Entering edit mode
5.6 years ago
evelyn
▴
230
Hello,
I am using hisat2 to create bam files from paired end fastq files:
hisat2-build genome.fa hisat
hisat2 -x hisat -1 R1_paired.fastq.gz -2 R2_paired.fastq.gz -S out.sam
samtools view -bS out.sam > out.bam
The .sam and .bam files are made. But the log file shows:
Traceback (most recent call last):
File "/apps/hisat2/2.2.0/bin/hisat2_read_statistics.py", line 210, in <module>
reads_stat(args.read_file, args.read_count)
File "/apps/hisat2/2.2.0/bin/hisat2_read_statistics.py", line 168, in reads_stat
for id, seq in fstream:
File "/apps/hisat2/2.2.0/bin/hisat2_read_statistics.py", line 44, in parser_FQ
if line[0] == '@':
IndexError: index out of range
12398067 reads; of these:
12398067 (100.00%) were paired; of these:
995937 (8.03%) aligned concordantly 0 times
10948198 (88.31%) aligned concordantly exactly 1 time
453932 (3.66%) aligned concordantly >1 times
----
995937 pairs aligned concordantly 0 times; of these:
126076 (12.66%) aligned discordantly 1 time
----
869861 pairs aligned 0 times concordantly or discordantly; of these:
1739722 mates make up the pairs; of these:
1100705 (63.27%) aligned 0 times
614508 (35.32%) aligned exactly 1 time
24509 (1.41%) aligned >1 times
95.56% overall alignment rate
[bam_sort_core] merging from 12 files and 1 in-memory blocks...
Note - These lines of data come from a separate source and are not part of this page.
lemma elem3_right_in_commsp:
  assumes "x < z" "\<not> covpair x z"
  shows "elem3 x z z \<in> commsp U U"
proof -
  obtain b where "x \<le> b" and bz: "covpair b z" using exists_covpair_below[OF \<open>x < z\<close>] by blast
  with assms have "x < b" by (auto simp: le_less)
  have "elem3 x z z = (\<lambda>p q r. commut3 (elem3 x b z) (idem b z) p q r - elem3 x b z p q r)"
    by (simp add: commut3_elem3_idem[OF \<open>x < b\<close> bz] add3_def fun_eq_iff)
  also have "\<dots> \<in> commsp U U"
    unfolding commsp_def
    using covpair_less[OF bz] \<open>x < b\<close>
    by (intro rspan_diff) (auto intro: commut3_in_commsp[unfolded commsp_def] idem_mem elem3_mem
        elem3_strict_in_commsp[unfolded commsp_def])
  finally show ?thesis .
qed

lemma cover_vanishing_subset_commsp: "cover_vanishing \<subseteq> commsp U U"
proof
  fix h :: "('a, 'r) fn3" assume h: "h \<in> cover_vanishing"
  have "smul3 (h a b c) (elem3 a b c) \<in> commsp U U" if "h a b c \<noteq> 0" for a b c
  proof -
    have "a \<le> b" "b \<le> c" using h that by (auto simp: cover_vanishing_def J31_def I3_def)
    moreover have "a \<noteq> c"
    proof
      assume "a = c"
      with \<open>a \<le> b\<close> \<open>b \<le> c\<close> have "b = a" by simp
      with \<open>a = c\<close> h that show False by (simp add: cover_vanishing_def J31_def)
    qed
    ultimately have "a < c" by auto
    consider "a = b" | "b = c" | "a < b" "b < c" using \<open>a \<le> b\<close> \<open>b \<le> c\<close> by (auto simp: le_less)
    then have "elem3 a b c \<in> commsp U U"
    proof cases
      case 1
      with h that have "\<not> covpair a c" by (auto simp: cover_vanishing_def)
      with 1 show ?thesis using elem3_left_in_commsp[OF \<open>a < c\<close>] by simp
    next
      case 2
      with h that have "\<not> covpair a c" by (auto simp: cover_vanishing_def)
      with 2 show ?thesis using elem3_right_in_commsp[OF \<open>a < c\<close>] by simp
    qed (rule elem3_strict_in_commsp)
    then show ?thesis unfolding commsp_def by (rule rspan.smul)
  qed
  then have "sum3 (\<lambda>(a, b, c). smul3 (h a b c) (elem3 a b c)) {(a, b, c). h a b c \<noteq> 0} \<in> commsp U U"
    unfolding commsp_def by (intro rspan_sum3) (auto simp: commsp_def)
  then show "h \<in> commsp U U" using sum3_elem3_expansion[of h] by simp
qed

end

lemma cover_balanced_subset_J31: "cover_balanced \<subseteq> J31"
  by (auto simp: cover_balanced_def)

lemma commutator_generators_J31: "commutator_generators J31"
proof
  show "idem x y \<in> J31" if "x < y" for x y :: 'a
    using idem_in_cover_balanced[OF that] cover_balanced_subset_J31 by blast
  show "elem3 x y z \<in> J31" if "x < y" "y < z" for x y z :: 'a
    using that by (auto intro: elem3_in_J31 less_imp_le order.strict_trans)
qed

lemma commutator_generators_cover_balanced: "commutator_generators cover_balanced"
  by unfold_locales (auto intro: idem_in_cover_balanced elem3_in_cover_balanced)

definition cover_part :: "('a::{order,finite}, 'r::comm_ring_1) fn3 \<Rightarrow> ('a, 'r) fn3" where
  "cover_part f = sum3 (\<lambda>(a, c). smul3 (f a a c) (idem a c)) {(a, c). covpair a c}"

lemma cover_part_apply:
  "cover_part f p q r = (if covpair p r \<and> (q = p \<or> q = r) then f p p r else 0)"
proof -
  have "cover_part f p q r =
      (\<Sum>i\<in>{(a, c). covpair a c}. if i = (p, r) then if q = p \<or> q = r then f p p r else 0 else 0)"
    unfolding cover_part_def sum3_def
    by (intro sum.cong) (auto simp: smul3_def idem_apply split: if_splits)
  also have "\<dots> = (if covpair p r \<and> (q = p \<or> q = r) then f p p r else 0)"
    by (subst sum.delta) auto
  finally show ?thesis .
qed

lemma cover_part_in_Z32: "cover_part f \<in> Z32"
  unfolding cover_part_def Z32_def Z31_def commsp_def
proof (rule rspan_sum3)
  fix i :: "'a \<times> 'a" assume "i \<in> {(a, c). covpair a c}"
  then obtain a c where i: "i = (a, c)" and ac: "covpair a c" by auto
  have "idem a c = commut3 (elem3 a a c) (elem3 a c c)"
    by (rule commut3_elem3_elem3[OF ac, symmetric])
  also have "\<dots> \<in> commsp J31 J31"
    using covpair_less[OF ac] by (intro commut3_in_commsp elem3_in_J31) auto
  finally show "(case i of (a, c) \<Rightarrow> smul3 (f a a c) (idem a c))
      \<in> rspan {commut3 u v |u v. u \<in> J31 \<and> v \<in> J31}"
    unfolding i commsp_def by (auto intro: rspan.smul)
qed simp

lemma cover_balanced_diff_cover_part:
  assumes "f \<in> cover_balanced"
  shows "(\<lambda>a b c. f a b c - cover_part f a b c) \<in> cover_vanishing"
  using assms covpair_less
  by (fastforce simp: cover_vanishing_def cover_balanced_def J31_def I3_def cover_part_apply)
How to address the error in index message here? Thank you for the help!
Hi :)
You can open
/apps/hisat2/2.2.0/bin/hisat2_read_statistics.pycheck line 44 and see part of the script that is giving you the error.It means that there's no line[0], so I assume there's an empty line in your one of your fastq files. which probably won't cause any problems.
Thank you! I am using Trimmomatic output fastq files. Can Trimmomatic result in an empty line.
Not sure, but you can use
sed -n '/^$/=' fileto find the empty lines.